Робертсон выезжает для доклада в Лондон. 9 марта 1951 года Бевин, «злейший враг» Бен-Гуриона, подал в отставку — он умрет пять недель спустя. Его преемник Герберт Моррисон направляет премьер-министру Израиля послание чрезвычайной важности:
«Из доклада генерала Робертсона мы понимаем, что… англо-израильские отношения должны будут выстраиваться таким образом, чтобы Израиль в случае кризиса мог бы действовать и расцениваться Великобританией как составная часть Сообщества… Мы считаем возможным установить между двумя нашими странами такие отношения, которые связывали бы нас и позволяли бы надеяться на их прогрессивное развитие. По нашему мнению, они должны предполагать эволюцию, которая совершенно естественно проявится как результат постоянного контакта с обменом мнениями и сотрудничеством в военной области».

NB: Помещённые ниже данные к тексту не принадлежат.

lemma reconciliation_leaf_below:
  assumes "y \<in> leaves VT parT r0T" "w \<in> VT" "anc parT y w"
  shows "ple parS (Vx (\<sigma> y)) (\<mu> w)"
proof (cases "y = w")
  case True
  then show ?thesis using reconciliation_leaf assms(1) by (simp add: ple_def)
next
  case False
  have "y \<in> VT" using assms(1) unfolding leaves_def by blast
  then show ?thesis
    using reconciliation_mono[OF _ assms(2,3) False] reconciliation_leaf[OF assms(1)] by simp
qed

lemma reconciliation_lcaT_below:
  assumes S: "rooted_tree VS parS r0S"
    and B: "B \<subseteq> leaves VT parT r0T" "B \<noteq> {}" "\<sigma> ` B \<subseteq> VS"
    and "w \<in> VT" "\<forall>y\<in>B. anc parT y w"
  shows "ple parS (Vx (lcaT VS parS (\<sigma> ` B))) (\<mu> w)"
proof (rule rooted_tree.lcaT_ple[OF S B(3)])
  show "\<sigma> ` B \<noteq> {}" using B(2) by blast
  show "\<mu> w \<in> Vx ` VS \<union> edges VS parS r0S" by (rule reconciliation_place[OF \<open>w \<in> VT\<close>])
  show "\<forall>s\<in>\<sigma> ` B. ple parS (Vx s) (\<mu> w)"
    using reconciliation_leaf_below[OF _ \<open>w \<in> VT\<close>] B(1) assms(6) by blast
qed

lemma reconciliation_duplication:
  assumes T: "planted_phylo VT parT r0T" and S: "rooted_tree VS parS r0S"
    and "w \<in> VT" "w' \<in> children VT parT r0T w" "w'' \<in> children VT parT r0T w" "w' \<noteq> w''"
    and "ple parS (\<mu> w') (\<mu> w'') \<or> ple parS (\<mu> w'') (\<mu> w')"
    and "s \<in> VS" "anc parS s u" "s \<noteq> u" "ple parS (Vx u) (\<mu> w)"
  shows "plt parS (Vx u) (\<mu> w) \<and> \<mu> w \<in> edges VS parS r0S"
proof -
  interpret S: rooted_tree VS parS r0S by (rule S)
  have "w \<noteq> r0T" using planted_phylo_not_root_if_two_children[OF T assms(4-6)] .
  have not_inner: "\<mu> w \<notin> Vx ` inner VS parS r0S"
    using reconciliation_children_incomparable[OF \<open>w \<in> VT\<close> _ assms(4,5)]
      reconciliation_children_incomparable[OF \<open>w \<in> VT\<close> _ assms(5,4)] assms(6,7) by metis
  have "\<mu> w \<in> edges VS parS r0S"
  proof (rule ccontr)
    assume "\<mu> w \<notin> edges VS parS r0S"
    then obtain z where z: "\<mu> w = Vx z" "z \<in> VS"
      using reconciliation_place[OF \<open>w \<in> VT\<close>] by blast
    have "z \<noteq> r0S" using reconciliation_root_iff[OF \<open>w \<in> VT\<close>] \<open>w \<noteq> r0T\<close> z(1) by simp
    have "anc parS u z" using assms(11) z(1) by simp
    then have "anc parS s z" "s \<noteq> z"
      using anc_trans[OF assms(9)] S.anc_antisym[OF \<open>s \<in> VS\<close> assms(9)] assms(10) by auto
    then have "z \<in> inner VS parS r0S"
      using S.inner_if_strictly_above[OF z(2) \<open>z \<noteq> r0S\<close> \<open>s \<in> VS\<close>] by blast
    then show False using not_inner z(1) by simp
  qed
  moreover have "plt parS (Vx u) (\<mu> w)"
    using assms(11) calculation unfolding edges_def ple_def by auto
  ultimately show ?thesis by simp
qed

lemma lcaT_duplication_of_spanning_cluster:
  assumes T: "planted_phylo VT parT r0T" and S: "rooted_tree VS parS r0S"
    and B: "B \<subseteq> leaves VT parT r0T" "\<sigma> ` B \<subseteq> VS"
    and x: "x \<in> VT" "p \<in> B" "q \<in> B" "anc parT p x" "anc parT q x" "t0 \<in> B" "\<not> anc parT t0 x"
    and spans: "lcaT VS parS {\<sigma> p, \<sigma> q} = lcaT VS parS (\<sigma> ` B)"
    and s: "s \<in> VS" "anc parS s (lcaT VS parS (\<sigma> ` B))" "s \<noteq> lcaT VS parS (\<sigma> ` B)"
  shows "plt parS (Vx (lcaT VS parS (\<sigma> ` B))) (\<mu> (lcaT VT parT B))
    \<and> \<mu> (lcaT VT parT B) \<in> edges VS parS r0S"
proof -
  interpret T: rooted_tree VT parT r0T using T by (rule planted_phylo_rooted_tree)
  interpret S: rooted_tree VS parS r0S by (rule S)
  define u where "u = lcaT VS parS (\<sigma> ` B)"
  define w where "w = lcaT VT parT B"
  have "B \<subseteq> VT" "B \<noteq> {}" using B(1) x(2) unfolding leaves_def by auto
  then have "w \<in> VT" "\<forall>y\<in>B. anc parT y w"
    unfolding w_def by (auto intro: T.lcaT_in_V T.anc_lcaT)
  obtain w' w'' t where w: "w' \<in> children VT parT r0T w" "w'' \<in> children VT parT r0T w"
      "w' \<noteq> w''" "anc parT x w'" "t \<in> B" "anc parT t w''"
    using T.lcaT_children_split[OF B(1) x(1,2,4,6,7)] unfolding w_def by blast
  have "w' \<in> VT" "w'' \<in> VT" using w(1,2) unfolding children_def by auto
  have pq: "{p, q} \<subseteq> leaves VT parT r0T" "\<sigma> ` {p, q} \<subseteq> VS" "\<forall>y\<in>{p, q}. anc parT y w'"
    using B x(2-5) anc_trans[OF _ w(4)] by auto
  have "ple parS (Vx (lcaT VS parS (\<sigma> ` {p, q}))) (\<mu> w')"
    by (rule reconciliation_lcaT_below[OF S pq(1) _ pq(2) \<open>w' \<in> VT\<close> pq(3)]) simp
  then have "ple parS (Vx u) (\<mu> w')"
    using spans unfolding u_def by simp
  then have "ple parS (Vx (\<sigma> t)) (\<mu> w')"
    using ple_Vx_anc_trans[OF S.anc_lcaT[OF B(2)]] w(5) unfolding u_def by blast
  moreover have "ple parS (Vx (\<sigma> t)) (\<mu> w'')"
    using reconciliation_leaf_below[OF _ \<open>w'' \<in> VT\<close> w(6)] w(5) B(1) by blast
  ultimately have "ple parS (\<mu> w') (\<mu> w'') \<or> ple parS (\<mu> w'') (\<mu> w')"
    by (rule places_above_vertex_linear[OF reconciliation_place[OF \<open>w' \<in> VT\<close>]
          reconciliation_place[OF \<open>w'' \<in> VT\<close>]])
  moreover have "ple parS (Vx u) (\<mu> w)"
    unfolding u_def using reconciliation_lcaT_below[OF S B(1) \<open>B \<noteq> {}\<close> B(2) \<open>w \<in> VT\<close>]
      \<open>\<forall>y\<in>B. anc parT y w\<close> by blast
  ultimately show ?thesis
    using reconciliation_duplication[OF T S \<open>w \<in> VT\<close> w(1-3) _ s[folded u_def]]
    unfolding u_def w_def by blast
qed

end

Бен-Гурион получает это послание в конце апреля, но с ответом не спешит. Разочарованный содержанием целого ряда абзацев, он делает вывод: «Моррисон — хитрый лис, не надо было ему доверять». Но в конце октября, когда консерваторы одерживают победу и у власти вновь оказывается Черчилль, Бен-Гурион полагает, что теперь можно и ответить. Через месяц он ставит свою подпись под письмом, адресованным сэру Антони Идену, новому шефу «Форин оффис»:
«Мы хотели бы внести свой вклад в защиту интересов наших стран и в установление свободного мира на Среднем Востоке… Чтобы дать нам возможность как можно эффективнее выполнить порученную роль, следует усилить наш промышленный потенциал, развернуть транспортные средства и средства коммуникации… улучшить подготовку и оснащение наших вооруженных сил… создать склады продовольствия и горючего. По нашему мнению, правительствам наших стран было бы целесообразно начать обсуждение конкретных проблем».

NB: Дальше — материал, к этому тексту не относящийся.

(* Let $\Gamma$ be a graph and let $K_1,\dots,K_n$ be finitely many finite graphs. (1) If $\Gamma$ contains a finite set of vertices $X$ such that every subgraph of $\Gamma$ isomorphic to one of the $K_i$ has at least one vertex in $X$, then $\Gamma$ contains a finite set of vertices $Y$, invariant under all automorphisms of $\Gamma$, such that every subgraph of $\Gamma$ isomorphic to one of the $K_i$ has at least one vertex in $Y$, and $|Y|\le |X|\cdot\max_i(\text{number of vertices of }K_i)$. (2) If $\Gamma$ contains a finite set of edges $X$ such that every subgraph of $\Gamma$ isomorphic to one of the $K_i$ has at least one edge in $X$, then $\Gamma$ contains a finite set of edges $Y$, invariant under all automorphisms of $\Gamma$, such that every subgraph of $\Gamma$ isomorphic to one of the $K_i$ has at least one edge in $Y$, and $|Y|\le |X|\cdot\max_i(\text{number of edges of }K_i)$.
   Context: "Graph" may be understood in any of the usual senses (directed, undirected, or mixed; multiple edges and/or loops allowed or not), fixed throughout; isomorphisms and automorphisms preserve the corresponding structure. "Subgraph" means an arbitrary (not necessarily induced) subgraph. $\Gamma$ may be infinite. *)

theory Defs
  imports Main
begin

text \<open>Graphs are taken in the sense of directed multigraphs with loops allowed:
  a vertex set, an edge set, and source/target maps (only meaningful on edges).\<close>

record ('v, 'e) graph =
  verts :: "'v set"
  edges :: "'e set"
  src :: "'e \<Rightarrow> 'v"
  tgt :: "'e \<Rightarrow> 'v"

definition wf_graph :: "('v, 'e) graph \<Rightarrow> bool" where
  "wf_graph G \<longleftrightarrow> (\<forall>e\<in>edges G. src G e \<in> verts G \<and> tgt G e \<in> verts G)"

definition finite_graph :: "('v, 'e) graph \<Rightarrow> bool" where
  "finite_graph G \<longleftrightarrow> wf_graph G \<and> finite (verts G) \<and> finite (edges G)"

definition subgraph :: "('v, 'e) graph \<Rightarrow> ('v, 'e) graph \<Rightarrow> bool" where
  "subgraph H G \<longleftrightarrow> wf_graph H \<and> verts H \<subseteq> verts G \<and> edges H \<subseteq> edges G \<and>
     (\<forall>e\<in>edges H. src H e = src G e \<and> tgt H e = tgt G e)"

О вступлении в Сообщество больше не упоминается, и речь идет только о военном сотрудничестве в рамках, предложенных Моррисоном. Ответ Идена пришел только в конце января 1952 года:
«Правительство Ее Величества согласно с вашим предложением начать прямое обсуждение означенных тем… и соответственно предлагает направить в Израиль небольшую британскую миссию для проведения предварительных бесед в рамках упомянутых вами проблем».
Британская делегация прибывает в Израиль в октябре. Мордехай Маклеф излагает израильскую точку зрения на темы, указанные в письме Бен-Гуриона сэру Идену. В конце обсуждения участники решают провести дополнительные переговоры, но уже в Великобритании. Однако этого никогда не случится, и нерешенный вопрос канет в небытие. «С самого начала «Форин оффис» был настроен против этих предложений, — скажет один из сотрудников Бен-Гуриона, — и у нас никогда не было ни малейшего шанса разрешить эту проблему».

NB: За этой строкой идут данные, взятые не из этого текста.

(* Let $n\ge2$, $\lambda=\frac{n-1}2$, $m\in\mathbb N$, and let $\Phi_m=C(m)\sum_{l=0}^m\frac{l+\lambda}{\lambda}C_l^\lambda$, regarded as a zonal function on $\mathcal S^n$, where $C(m)$ is a nonzero constant. Then $$\mathrm{var}_S(\Phi_m)=\left(\frac{2m+2\lambda+1}{2m}\right)^2-1,\qquad \mathrm{var}_M(\Phi_m)=\frac{m(m+2\lambda+1)(2\lambda+1)}{2\lambda+3}.$$
   Context: $\mathcal S^n\subset\mathbb R^{n+1}$ is the unit sphere with rotation-invariant surface measure $\sigma$; a zonal function $g$ is $x\mapsto g(x\cdot\hat e)$, $\hat e=(1,0,\dots,0)$. $C_l^\lambda$ is the Gegenbauer polynomial ($\sum_lC_l^\lambda(t)r^l=(1-2tr+r^2)^{-\lambda}$). $\mathrm{var}_S(f)=\left(\frac{\int|f|^2d\sigma}{|\int x|f(x)|^2d\sigma(x)|}\right)^2-1$ (Euclidean norm of the vector integral in the denominator) and $\mathrm{var}_M(f)=-\frac{\int\Delta^*f\,\overline f\,d\sigma}{\int|f|^2d\sigma}$, where $\Delta^*$ is the Laplace–Beltrami operator on $\mathcal S^n$. *)

theory Defs
  imports "HOL-Analysis.Analysis"
begin

text \<open>Gegenbauer polynomials via the three-term recurrence
  (equivalent to the generating function (1-2tr+r^2)^(-lambda)).\<close>
fun gegenbauer :: "real \<Rightarrow> nat \<Rightarrow> real \<Rightarrow> real" where
  "gegenbauer lam 0 t = 1"
| "gegenbauer lam (Suc 0) t = 2 * lam * t"
| "gegenbauer lam (Suc (Suc l)) t =
     (2 * t * (real l + 1 + lam) * gegenbauer lam (Suc l) t
      - (real l + 2 * lam) * gegenbauer lam l t) / (real l + 2)"

text \<open>Rotation-invariant surface measure on the unit sphere of R^(n+1) = real^'n,
  realised as (n+1) times the push-forward of Lebesgue measure on the unit ball
  under radial projection x / |x| (cone measure = surface measure).\<close>
definition sphere_measure :: "(real ^ 'n) measure" where
  "sphere_measure =
     scale_measure (ennreal (real CARD('n)))
       (distr (restrict_space lborel (ball 0 1)) borel (\<lambda>x. x /\<^sub>R norm x))"

definition laplacian :: "(real ^ 'n \<Rightarrow> real) \<Rightarrow> real ^ 'n \<Rightarrow> real" where
  "laplacian F x = (\<Sum>i\<in>Basis. deriv (deriv (\<lambda>t. F (x + t *\<^sub>R i))) 0)"

definition laplace_beltrami :: "(real ^ 'n \<Rightarrow> real) \<Rightarrow> real ^ 'n \<Rightarrow> real" where
  "laplace_beltrami f x = laplacian (\<lambda>y. f (y /\<^sub>R norm y)) x"

definition var_S :: "(real ^ 'n \<Rightarrow> real) \<Rightarrow> real" where
  "var_S f = ((\<integral>x. (f x)\<^sup>2 \<partial>sphere_measure)
              / norm (\<integral>x. (f x)\<^sup>2 *\<^sub>R x \<partial>sphere_measure))\<^sup>2 - 1"

definition var_M :: "(real ^ 'n \<Rightarrow> real) \<Rightarrow> real" where
  "var_M f = - (\<integral>x. laplace_beltrami f x * f x \<partial>sphere_measure)
              / (\<integral>x. (f x)\<^sup>2 \<partial>sphere_measure)"

end

theory Submission
  imports Defs
begin

(*
  Everything is reduced to one-variable moment computations. Rotation invariance of the sphere
  measure shows that the moments mu_k of x \<bullet> e vanish for odd k and satisfy
  (k + 2 lam + 2) mu_(k+2) = (k + 1) mu_k, and that the vector integral of f(x \<bullet> e) x points
  along e. The integral of a zonal polynomial p(x \<bullet> e) is then the moment functional
  L p = \<Sum>k coeff p k * mu_k. On zonal polynomials the Laplace-Beltrami operator acts as the
  Gegenbauer operator D p = (1 - t\<^sup>2) p'' - (2 lam + 1) t p'. The moment recurrence alone makes D
  symmetric for L, so its eigenvectors, the Gegenbauer polynomials, are L-orthogonal, and the
  three-term recurrence gives their L-norms. Then L(\<Phi>\<^sup>2), L(t \<Phi>\<^sup>2) and L((D \<Phi>) \<Phi>) are
  explicit sums with closed forms, and both variances are quotients of them.
*)

section \<open>Invariance of Lebesgue measure under orthogonal maps\<close>

text \<open>The change of variables theorems of HOL-Analysis are stated for index types of class
  \<^class>\<open>wellorder\<close>; a copy of an arbitrary finite index type, ordered by \<^const>\<open>to_nat\<close>,
  transfers them.\<close>

typedef 'a wellordered = "UNIV :: 'a set" by auto

instance wellordered :: (finite) finite
proof
  have "UNIV = range (Abs_wellordered :: 'a \<Rightarrow> _)"
    by (metis Rep_wellordered_inverse surj_def)
  then show "finite (UNIV :: 'a wellordered set)" by (metis finite finite_imageI)
qed

instantiation wellordered :: (finite) linorder
begin
definition less_eq_wellordered :: "'a wellordered \<Rightarrow> 'a wellordered \<Rightarrow> bool" where
  "x \<le> y \<longleftrightarrow> to_nat (Rep_wellordered x) \<le> to_nat (Rep_wellordered y)"
definition less_wellordered :: "'a wellordered \<Rightarrow> 'a wellordered \<Rightarrow> bool" where
  "x < y \<longleftrightarrow> to_nat (Rep_wellordered x) < to_nat (Rep_wellordered y)"
instance
proof
  fix x y z :: "'a wellordered"
  show "(x < y) = (x \<le> y \<and> \<not> y \<le> x)" by (auto simp: less_eq_wellordered_def less_wellordered_def)
  show "x \<le> x" by (simp add: less_eq_wellordered_def)
  show "x \<le> y \<Longrightarrow> y \<le> z \<Longrightarrow> x \<le> z" by (simp add: less_eq_wellordered_def)
  show "x \<le> y \<Longrightarrow> y \<le> x \<Longrightarrow> x = y"
    by (simp add: less_eq_wellordered_def Rep_wellordered_inject)
  show "x \<le> y \<or> y \<le> x" by (auto simp: less_eq_wellordered_def)
qed
end

instance wellordered :: (finite) wellorder
proof
  fix P :: "'a wellordered \<Rightarrow> bool" and a :: "'a wellordered"
  assume step: "\<And>x. (\<And>y. y < x \<Longrightarrow> P y) \<Longrightarrow> P x"
  have "P x" if "to_nat (Rep_wellordered x) = n" for n x
    using that
  proof (induction n arbitrary: x rule: less_induct)
    case (less n)
    show ?case by (rule step) (use less in \<open>auto simp: less_wellordered_def\<close>)
  qed
  then show "P a" by blast
qed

Поняв, что его надежды заключить союз с Великобританией были напрасны, Бен-Гурион поворачивается лицом к США, где был радушно встречен в мае 1951 года. Но в ноябре 52-го президентом стал Эйзенхауэр, и Израиль стал опасаться, как бы пришедшие к власти республиканцы не изменили политики США на Среднем Востоке. Многие политические деятели были убеждены, что новое правительство попытается успокоить арабов и для облегчения налаживания контактов начнет поставлять им вооружение. Запланированная на весну поездка на Средний Восток нового Госсекретаря Джона Фостера Даллеса должна была дать первое представление о намерениях американцев.
В преддверии этого визита Бен-Гурион изложил Политическому комитету Рабочей партии Израиля свои взгляды на внешнюю политику и занял четкую проамериканскую позицию, заявив, что в случае возникновения крупного конфликта Израиль не сможет остаться в стороне, поскольку имеющиеся в нем различные партии не соблюдают нейтралитет и даже временная оккупация страны Советским Союзом «положит конец и государству Израиль, и сионизму». Он также подчеркнул, что в случае войны благодаря своей военной мощи Израиль приобретет огромное значение в глазах Запада, тогда как в мирное время арабы сильнее, поскольку обладают большим политическим весом. Вот почему он хотел убедить американцев превратить Израиль в «базу, цех и склад» Среднего Востока:
«Предоставление военных баз друзьям и союзникам не нарушит суверенности нашей страны… Мы должны объяснить американцам, что единство усиленного в военном и промышленном плане Израиля может в любой момент явиться базой для всего свободного мира».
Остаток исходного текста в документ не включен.